Homework 6

List your name and the names of any collaborators at the top of this notebook.

(Reminder: It’s encouraged to work together; you can even submit the exact same homework as another student or two students, but you must list each other’s names at the top.)

Introduction

This homework will be good preparation for the final project, because it is more open-ended than the typical homeworks.

The goal is to use KNeighborsClassifier to investigate some aspect of the taxis dataset from Seaborn. Originally I was going to tell you specifically what columns to use, but I wasn’t satisfied with my results and I think you can come up with something better.

import seaborn as sns
import numpy as np
import pandas as pd
import altair as alt
from sklearn.preprocessing import StandardScaler
from sklearn.model_selection import train_test_split
from sklearn.neighbors import KNeighborsClassifier
from sklearn.metrics import log_loss
df = sns.load_dataset("taxis")
df.head()
pickup dropoff passengers distance fare tip tolls total color payment pickup_zone dropoff_zone pickup_borough dropoff_borough
0 2019-03-23 20:21:09 2019-03-23 20:27:24 1 1.60 7.0 2.15 0.0 12.95 yellow credit card Lenox Hill West UN/Turtle Bay South Manhattan Manhattan
1 2019-03-04 16:11:55 2019-03-04 16:19:00 1 0.79 5.0 0.00 0.0 9.30 yellow cash Upper West Side South Upper West Side South Manhattan Manhattan
2 2019-03-27 17:53:01 2019-03-27 18:00:25 1 1.37 7.5 2.36 0.0 14.16 yellow credit card Alphabet City West Village Manhattan Manhattan
3 2019-03-10 01:23:59 2019-03-10 01:49:51 1 7.70 27.0 6.15 0.0 36.95 yellow credit card Hudson Sq Yorkville West Manhattan Manhattan
4 2019-03-30 13:27:42 2019-03-30 13:37:14 3 2.16 9.0 1.10 0.0 13.40 yellow credit card Midtown East Yorkville West Manhattan Manhattan

Assignment

Pose a question related to the taxis dataset loaded above, and investigate that question using KNeighborsClassifier. For example, if we were instead working with the penguins dataset, the question might be something like, “Can we use flipper length and bill length to predict the species of penguin?” Make sure you’re posing a classification problem and not a regression problem.

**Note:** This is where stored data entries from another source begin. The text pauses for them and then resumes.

(* Let $Y$ be a real Banach space with a finite-dimensional decomposition $(Q_j)_{j\ge1}$ and let $X$ be a closed subspace of $Y$. Then for every $\delta>0$ there exists an invertible bounded operator $T:Y\to Y$ with $\|T-I\|<\delta$ such that $X$ satisfies the density condition with respect to the FDD $(TQ_jT^{-1})_{j\ge1}$.
   Context: A finite-dimensional decomposition (FDD) of $Y$ is a sequence of finite-rank projections $(Q_j)_{j\ge1}$ with $Q_iQ_j=0$ for $i\ne j$ and $y=\sum_j Q_jy$ for all $y\in Y$. A subspace $X$ of $Y$ satisfies the density condition with respect to the FDD $(Q_j)$ if there is a dense subset $D$ of $X$ such that for every $x\in D$ there is $n=n(x)\in\mathbb N$ with $x=\sum_{j=1}^nQ_jx$. *)

theory Defs
  imports "HOL-Analysis.Analysis"
begin

text \<open>Finite-dimensional decomposition, indexed by j \<ge> 1 (the value at 0 is ignored).\<close>
definition is_FDD :: "(nat \<Rightarrow> 'a::real_normed_vector \<Rightarrow> 'a) \<Rightarrow> bool" where
  "is_FDD Q \<longleftrightarrow>
     (\<forall>j\<ge>1. bounded_linear (Q j) \<and> Q j \<circ> Q j = Q j \<and>
             (\<exists>B. finite B \<and> range (Q j) \<subseteq> span B)) \<and>
     (\<forall>i\<ge>1. \<forall>j\<ge>1. i \<noteq> j \<longrightarrow> (\<forall>y. Q i (Q j y) = 0)) \<and>
     (\<forall>y. (\<lambda>n. \<Sum>j\<in>{1..n}. Q j y) \<longlonglongrightarrow> y)"

definition density_condition :: "'a::real_normed_vector set \<Rightarrow> (nat \<Rightarrow> 'a \<Rightarrow> 'a) \<Rightarrow> bool" where
  "density_condition X Q \<longleftrightarrow>
     (\<exists>D. D \<subseteq> X \<and> X \<subseteq> closure D \<and>
          (\<forall>x\<in>D. \<exists>n::nat. x = (\<Sum>j\<in>{1..n}. Q j x)))"

end

theory Submission
  imports Defs
begin

text \<open>
  Let F be the subspace of vectors with a finite expansion
  x = Q 1 x + ... + Q n x; it is dense. The space is separable, so X contains a dense sequence x k.
  Using the finite-rank partial sum operators we find bounded functionals phi k with phi i (x k) = 0
  for k < i and phi k (x k) = 1 whenever x k is linearly independent of its predecessors. Choosing
  small correction vectors d k recursively, the operator S y = y + sum k. phi k y d k is close to the
  identity and maps every x k, hence the span D of the sequence, into F. Then T = inverse of S is close
  to the identity and D witnesses the density condition for the FDD (T Q j T^-1).
\<close>

lemma scaled_vector_off_closed_span:
  fixes b :: "'a::real_normed_vector"
  assumes closed: "closed (span F)" and b: "b \<notin> span F"
  shows "infdist b (span F) > 0"
    and "\<And>k w. w \<in> span F \<Longrightarrow> \<bar>k\<bar> * infdist b (span F) \<le> norm (k *\<^sub>R b + w)"
proof -
  show dpos: "infdist b (span F) > 0"
    using infdist_pos_not_in_closed[OF closed] b span_zero by auto
  fix k w assume w: "w \<in> span F"
  show "\<bar>k\<bar> * infdist b (span F) \<le> norm (k *\<^sub>R b + w)"
  proof (cases "k = 0")
    case False
    have "- (1/k) *\<^sub>R w \<in> span F" using w by (simp add: span_scale span_neg)
    then have "infdist b (span F) \<le> dist b (- (1/k) *\<^sub>R w)" by (rule infdist_le)
    also have "\<dots> = norm (k *\<^sub>R b + w) / \<bar>k\<bar>"
    proof -
      have "b + (1/k) *\<^sub>R w = (1/k) *\<^sub>R (k *\<^sub>R b + w)" using False by (simp add: algebra_simps)
      then show ?thesis by (simp add: dist_norm)
    qed
    finally show ?thesis using False by (simp add: field_simps)
  qed simp
qed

Address the following points.

  1. State explicitly what question you are investigating. (It doesn’t need to be a question with a definitive answer.)

  2. Convert at least one of the pickup and/or dropoff column into a datetime data type, and use some aspect of that column in your analysis. (For example, you could use .dt.hour or .dt.day_name()… for some reason hour does not include parentheses but day_name() does include parentheses.)

  3. Include at least one Boolean column in your X data. (There aren’t any Boolean columns in this dataset, so you will have to produce one. Producing new columns like this is called feature engineering. For example, with the penguins dataset, we could create a Boolean column indicating if the bill length is over 5cm.)

  4. For numerical columns (or Boolean columns) that you use in your X data, rescale them using StandardScaler and use the scaled versions when fitting (and predicting) with KNeighborsClassifier. (Actually, every column fed to the X portion of the KNeighborsClassifier should be either numerical or Boolean… it does not accept categorical values in the X. If you want to use a categorical value in the X, you need to convert it somehow into a numerical or Boolean value.)

  5. Use train_test_split to attempt to detect over-fitting or under-fitting. Evaluate the performance of your classifier using the log_loss metric that was imported above.

  6. Make a plot in Altair related to your question. (It’s okay if the plot is just loosely related to your question. For example, if you are using many different columns, it would be difficult to show all of that information in a plot.) This dataset is about 6000 rows long, which is too long for Altair by default, but you can disable that using alt.data_transformers.disable_max_rows(). (This would be a bad idea for a huge dataset, but with this dataset it should be fine.)

  7. State a specific value of k for which this KNeighborsClassifier seems to perform best (meaning the log_loss error for the test set is lowest… it’s okay if your k is just an estimate). For example, if you look at the test error curve at the bottom of the notebook from Wednesday Week 6, you’ll see that for that problem, the regressor performed best when 1/k was between 0.1 and 0.2, so when k was between 5 and 10. (If you find that the performance is best with the biggest possible k, that probably means that KNeighborsClassifier is not an effective tool for your specific choice of X data and y data. That’s okay but it would be even better if you could make some adjustment.)

Submission

Download the .ipynb file for this notebook (click on the folder icon to the left, then the … next to the file name) and upload the file on Canvas.